The group includes representatives from Reef Catchments, DAFF (Department of Agriculture, Fisheries and Forestry), GBRMPA, Mackay Regional Council, Whitsunday Regional Council, Isaac Regional Council and the regional Landcare groups (Pioneer, Sarina and Whitsunday).

The aim of the group is to develop and share information about current and future wetland activities that are happening locally, as well as identifying partnerships to add value to these projects. The group will also work together to develop and promote communication and awareness raising products (videos) and events (wetland field days).

Wetlands (areas of the land where water covers the soil) are some of the most diverse and important environmental assets in the region.

Wetlands can be both natural or constructed and deliver a realm of benefits, including:

  • Provide protection from the marine environment to the land and shore and reduce the impacts of floods
  • Provide critical sites for biodiversity, providing habitat for plants and animals, including many migratory, juveniles native fish species and some regionally iconic species such as the rare Black Necked Stork

Wetland types are diverse and can include rivers, swamps, lakes, lagoons, mudflats, mangroves and even coral reefs.

Two key projects being overseen by the Wetland Working Group include the rehabilitation of De Moleyns Lagoon, a natural wetland located in the Pioneer Valley near Mirani, and a constructed wetland located at Blacks Beach, north of Mackay.

View Stage 1 Activity Videos for these projects below.

De Moleyns Lagoon

De Moleyns Lagoon is a natural wetland located in the Pioneer Valley near Mirani. Through seed funding in 2012-13 from the Queensland Wetlands program, DAFF (Department of Agriculture, Fisheries and Forestry) partnered with Reef Catchments and Mackay Regional Council to initiate on-ground works to rehabilitate the wetland and surrounding buffer. This partnership approach was highly effective in planning and identifying priority activities. From here, the group collaborated further to focus on water quality, tackle rubbish and weed problems and coordinate rehabilitation, including planting 900 native trees along the northern edge of the wetland. This video has been developed to highlight the Stage 1 activities.

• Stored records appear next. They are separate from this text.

(* For every oriented link $L$, $$\mathcal A_{\mathcal Q}(L)=\sup_{\mathbb X\in\mathcal Q_{\mathcal F}}a_{\mathbb X}(L,\mathcal P_m,\bar 1),$$ where $\bar 1$ assigns $1$ to every component. More precisely, for every odd prime $p$, every $z\ge1$ and every irreducible $h(t)\in\Lambda_p$ of positive breadth there is an irreducible $h'(t)\in\Lambda_p$ of positive breadth with $a_{(\mathbb F(p,h),* )}(L,\mathcal P_m,\bar z)\le a_{(\mathbb F(p,h'),* )}(L,\mathcal P_m,\bar 1)$, where $\bar z$ assigns $z$ to all components. In particular, for every knot $K$ there exists $\mathbb X\in\mathcal Q_{\mathcal F}$ with $\mathcal A_{\mathcal Q}(K)=a_{\mathbb X}(K,1)$.
   Context: A quandle is a set with operation $*$ satisfying $a*a=a$, $(a*b)*c=(a*c)*(b*c)$ and bijectivity of $x\mapsto x*b$; $a*^0b=a$, $a*^nb=(a*^{n-1}b)*b$. For an odd prime $p$, $\Lambda_p=\mathbb Z_p[t,t^{-1}]$; for $h\in\Lambda_p$ irreducible of positive breadth (breadth = highest minus lowest exponent), $\mathbb F(p,h)=\Lambda_p/(h)$, $\bar t$ the class of $t$, $\mathbb X=(\mathbb F(p,h),* )$ with $a*b=\bar ta+(1-\bar t)b$; $\mathcal Q_{\mathcal F}$ is the set of such. For an oriented link $L$, $\mathcal P_m=(L)$. An $\mathbb X$-coloring of a diagram of $L$ with label $z\ge0$ on all components assigns elements of $\mathbb X$ to arcs so that at each crossing with over-arc color $b$ the under-arcs on the right/left of the oriented over-arc have colors $a$ and $a*^zb$; colorings form a vector space of dimension $d$ and $a_{\mathbb X}(L,\mathcal P_m,\bar z)=d-1$ (for a knot, $a_{\mathbb X}(K,z)$). $\mathcal A_{\mathcal Q}(L)=\sup a_{\mathbb X}(L,\mathcal P_m,\bar z)$ over $\mathbb X\in\mathcal Q_{\mathcal F}$ and $z\ge0$; this is finite (bounded by the tunnel number). *)

theory Defs
  imports Main "HOL-Computational_Algebra.Polynomial" "Berlekamp_Zassenhaus.Poly_Mod"
begin

text \<open>Elements of \<open>\<Lambda>_p = Z_p[t,t^-1]\<close> that matter here are represented (up to the unit
  \<open>t^k\<close>) by integer polynomials read modulo the prime \<open>p\<close>.  A Laurent polynomial is
  irreducible of positive breadth iff it is \<open>t^k\<close> times a polynomial \<open>h\<close> of \<open>Z_p[t]\<close>
  that is irreducible, has nonzero constant term and positive degree (= breadth).\<close>

definition irr_pos_breadth :: "int \<Rightarrow> int poly \<Rightarrow> bool" where
  "irr_pos_breadth p h \<longleftrightarrow> poly_mod.irreducible_m p h \<and> poly_mod.degree_m p h \<ge> 1
     \<and> \<not> p dvd coeff h 0"

definition feq :: "int \<Rightarrow> int poly \<Rightarrow> int poly \<Rightarrow> int poly \<Rightarrow> bool" where
  "feq p h x y \<longleftrightarrow> poly_mod.dvdm p h (x - y)"

definition alex_op :: "int poly \<Rightarrow> int poly \<Rightarrow> int poly" where
  "alex_op a b = [:0, 1:] * a + (1 - [:0, 1:]) * b"

definition alex_pow :: "nat \<Rightarrow> int poly \<Rightarrow> int poly \<Rightarrow> int poly" where
  "alex_pow n a b = ((\<lambda>x. alex_op x b) ^^ n) a"

text \<open>An oriented link diagram, given combinatorially: arcs are \<open>0..<n\<close>;
  each crossing is a triple (over-arc, under-arc on the right of the oriented over-arc,
  under-arc on the left of the oriented over-arc).\<close>
record diagram =
  n_arcs :: nat
  crossings :: "(nat \<times> nat \<times> nat) list"

definition wf_diagram :: "diagram \<Rightarrow> bool" where
  "wf_diagram D \<longleftrightarrow> n_arcs D \<ge> 1 \<and>
     (\<forall>(b, r, l) \<in> set (crossings D). b < n_arcs D \<and> r < n_arcs D \<and> l < n_arcs D)"

text \<open>X-colorings with label z on all components (arc colors are representatives in F(p,h)).\<close>
definition is_coloring :: "int \<Rightarrow> int poly \<Rightarrow> nat \<Rightarrow> diagram \<Rightarrow> (nat \<Rightarrow> int poly) \<Rightarrow> bool" where
  "is_coloring p h z D c \<longleftrightarrow>
     (\<forall>(b, r, l) \<in> set (crossings D). feq p h (c l) (alex_pow z (c r) (c b)))"

definition lin_indep :: "int \<Rightarrow> int poly \<Rightarrow> nat \<Rightarrow> nat \<Rightarrow> (nat \<Rightarrow> nat \<Rightarrow> int poly) \<Rightarrow> bool" where
  "lin_indep p h n d vs \<longleftrightarrow>
     (\<forall>c :: nat \<Rightarrow> int poly.
        (\<forall>j < n. feq p h (\<Sum>i<d. c i * vs i j) 0) \<longrightarrow> (\<forall>i<d. feq p h (c i) 0))"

Blacks Beach Constructed Wetland

Constructed wetlands, designed correctly, provide a unique ability to improve the water quality of run-off that they capture. This video has been developed by DAFF and Reef Catchments to highlight the key design characteristics of a constructed wetland built in an urban development at Blacks Beach, north of Mackay. These design features are critical for wetlands constructed in both urban and agricultural settings to achieve the desired water quality improvements.

Reef Catchments is also working on an ABCD management framework for constructed wetlands to highlight further activities, including maintenance, required for the wetland to work effectively.